Changes from baseline emotional states were defined by differences between the scores in the VAMS and S-anxiety scale. For each of these scales and the factor subscales of VAMS, the score after treatment minus the score before treatment was computed. Further analyses were carried comparing placebo and ascorbic acid groups according to a cut-off score of 75% in the STAI T-anxiety scale: individuals scoring in the 75% lower percentile were defined as “low-to-moderate trait anxiety”, while individuals presenting the 25% highest scores were denominated as “high trait anxiety” (Table I). “Low-to-moderate trait anxiety” placebo group was composed of 95% females, while the ascorbic acid was 98%. Placebo group presented 5.4% and ascorbic acid 2% of individuals reporting psychotropic use, while chronic diseases rated 25.5% and 27.5%, respectively, among the “low-to-moderate trait anxiety”. In the “high trait anxiety” group, 100% were female, three individuals in placebo and one in the ascorbic acid group reported psychotropic use, while chronic diseases amounted to 35.7% in placebo and 26.1% in the ascorbic acid group. No differences were found between placebo and ascorbic acid regarding gender, psychotropic use, and chronic diseases.

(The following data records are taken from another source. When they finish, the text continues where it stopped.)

definition walk :: "'a set \<Rightarrow> 'a set set \<Rightarrow> 'a list \<Rightarrow> bool" where
  "walk V E xs \<longleftrightarrow> xs \<noteq> [] \<and> set xs \<subseteq> V \<and>
     (\<forall>k. Suc k < length xs \<longrightarrow> {xs ! k, xs ! Suc k} \<in> E)"

definition walk_edges :: "'a list \<Rightarrow> 'a set set" where
  "walk_edges xs = (\<lambda>(a, b). {a, b}) ` set (zip xs (tl xs))"

definition connected_graph :: "'a set \<Rightarrow> 'a set set \<Rightarrow> bool" where
  "connected_graph V E \<longleftrightarrow>
     (\<forall>u\<in>V. \<forall>v\<in>V. \<exists>xs. walk V E xs \<and> hd xs = u \<and> last xs = v)"

definition unicyclic :: "'a set \<Rightarrow> 'a set set \<Rightarrow> bool" where
  "unicyclic V E \<longleftrightarrow> simple_graph V E \<and> connected_graph V E \<and> card E = card V"

definition gdist :: "'a set \<Rightarrow> 'a set set \<Rightarrow> 'a \<Rightarrow> 'a \<Rightarrow> nat" where
  "gdist V E u v = (LEAST k. \<exists>xs. walk V E xs \<and> hd xs = u \<and> last xs = v \<and> length xs = Suc k)"

definition edist :: "'a set \<Rightarrow> 'a set set \<Rightarrow> 'a set \<Rightarrow> 'a \<Rightarrow> nat" where
  "edist V E e j = Min ((\<lambda>l. gdist V E j l) ` e)"

definition shortest_path :: "'a set \<Rightarrow> 'a set set \<Rightarrow> 'a list \<Rightarrow> 'a \<Rightarrow> 'a \<Rightarrow> bool" where
  "shortest_path V E xs u v \<longleftrightarrow> walk V E xs \<and> hd xs = u \<and> last xs = v \<and>
     length xs = Suc (gdist V E u v)"
(* Let $\mathbb{F}_q$ be a finite field with $4 \mid q-1$, and let $f \in \mathbb{F}_q[x]$ be irreducible of even degree $d$, so that $\mathbb{F}_{q^d} = \mathbb{F}_q[x]/\langle f\rangle$. Then the formal derivative $f'$ (taken modulo $f$) is a quadratic nonresidue in $\mathbb{F}_q[x]/\langle f\rangle$.
   Context: An element $a$ of a finite field $F$ is a quadratic nonresidue if $x^2=a$ has no solution in $F$. *)

theory Defs
  imports "HOL-Computational_Algebra.Computational_Algebra"
begin

definition quad_nonresidue_mod :: "'a::field poly \<Rightarrow> 'a poly \<Rightarrow> bool" where
  "quad_nonresidue_mod f a \<longleftrightarrow> \<not> (\<exists>x. (x ^ 2) mod f = a mod f)"

end

theory Submission
  imports Defs "HOL-Library.Cardinality" "HOL-Number_Theory.Cong"
begin

(*
  Write q for the order of the field, d for the degree and c for the leading coefficient of f,
  and a for the class of x modulo f. The roots of f modulo f are the conjugates a_i = a^(q^i),
  i < d, which are pairwise distinct, so f'(a) = c * prod_{i<>0} (a - a_i). Its norm
  f'(a)^(1 + q + ... + q^(d-1)) is therefore c^d * prod_{i<j} (a_i - a_j) (a_j - a_i), and
  raising it to the power (q - 1)/2, which is even because 4 divides q - 1, leaves delta^(q-1)
  for the Vandermonde product delta = prod_{i<j} (a_i - a_j). The Frobenius map permutes the
  a_i cyclically, and a d-cycle is odd for even d, so delta^q = -delta. Hence
  f'(a)^((q^d - 1)/2) = -1, and Euler's criterion shows that f'(a) is not a square.
*)

lemma power_card_eq: "(x::'a::{field,finite}) ^ CARD('a) = x"
proof (cases "x = 0")
  case False
  have "x * (\<Prod>y\<in>UNIV-{0}. x * y) = x * x ^ (CARD('a) - 1) * \<Prod>(UNIV-{0})"
    by (simp add: prod.distrib mult_ac)
  also have "x * x ^ (CARD('a) - 1) = x ^ CARD('a)"
    using finite_UNIV_card_ge_0[where ?'a = 'a] by (simp flip: power_Suc)
  also have "(\<Prod>y\<in>UNIV-{0}. x * y) = (\<Prod>y\<in>UNIV-{0}. y)"
    by (rule prod.reindex_bij_witness[of _ "\<lambda>y. y / x" "\<lambda>y. x * y"]) (use False in auto)
  finally show ?thesis
    by simp
qed (use finite_UNIV_card_ge_0[where ?'a = 'a] in auto)

lemma power_card_minus_one_eq:
  assumes "(x::'a::{field,finite}) \<noteq> 0"
  shows "x ^ (CARD('a) - 1) = 1"
proof -
  have "x * x ^ (CARD('a) - 1) = x * 1"
    using power_card_eq[of x] finite_UNIV_card_ge_0[where 'a='a] by (simp flip: power_Suc)
  then show ?thesis
    using assms by simp
qed

lemma two_le_card: "2 \<le> CARD('a::{field,finite})"
proof -
  have "card {0::'a, 1} \<le> CARD('a)" by (rule card_mono) auto
  then show ?thesis by simp
qed

text \<open>In a field of order q, the polynomial (1 + t)^q - t^q - 1 has degree less than q but
  vanishes everywhere, so it is zero; this avoids showing that q is a prime power.\<close>
lemma of_nat_card_choose_eq_0:
  assumes "0 < k" "k < CARD('a::{field,finite})"
  shows "(of_nat (CARD('a) choose k) :: 'a) = 0"
proof -
  define P :: "'a poly" where "P = [:1, 1:] ^ CARD('a) - monom 1 (CARD('a)) - 1"
  have coeff_P: "coeff P i = (if 0 < i \<and> i < CARD('a) then of_nat (CARD('a) choose i) else 0)" for i
    by (cases "i \<le> CARD('a)")
       (auto simp: P_def coeff_linear_poly_power coeff_monom coeff_eq_0 degree_linear_power)
  have "P = 0"
  proof (rule ccontr)
    assume "P \<noteq> 0"
    have "degree P \<le> CARD('a) - 1"
      by (rule degree_le) (auto simp: coeff_P)
    moreover have "{x. poly P x = 0} = UNIV"
      by (auto simp: P_def poly_monom power_card_eq)
    then have "CARD('a) \<le> degree P"
      using card_poly_roots_bound[OF \<open>P \<noteq> 0\<close>] by simp
    ultimately show False
      using two_le_card[where 'a='a] by simp
  qed
  then show ?thesis
    using coeff_P[of k] assms by simp
qed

By repeating statistical analysis in subgroups (low-to-moderate trait anxiety and high trait anxiety), these additional comparisons using the same sample increases the chances of false positive results. Alike, comparison of subscales in the VAMS questionnaire results in testing a family of closely related hypotheses. These are possible weaknesses of our work, needing to be taken in account when interpreting results.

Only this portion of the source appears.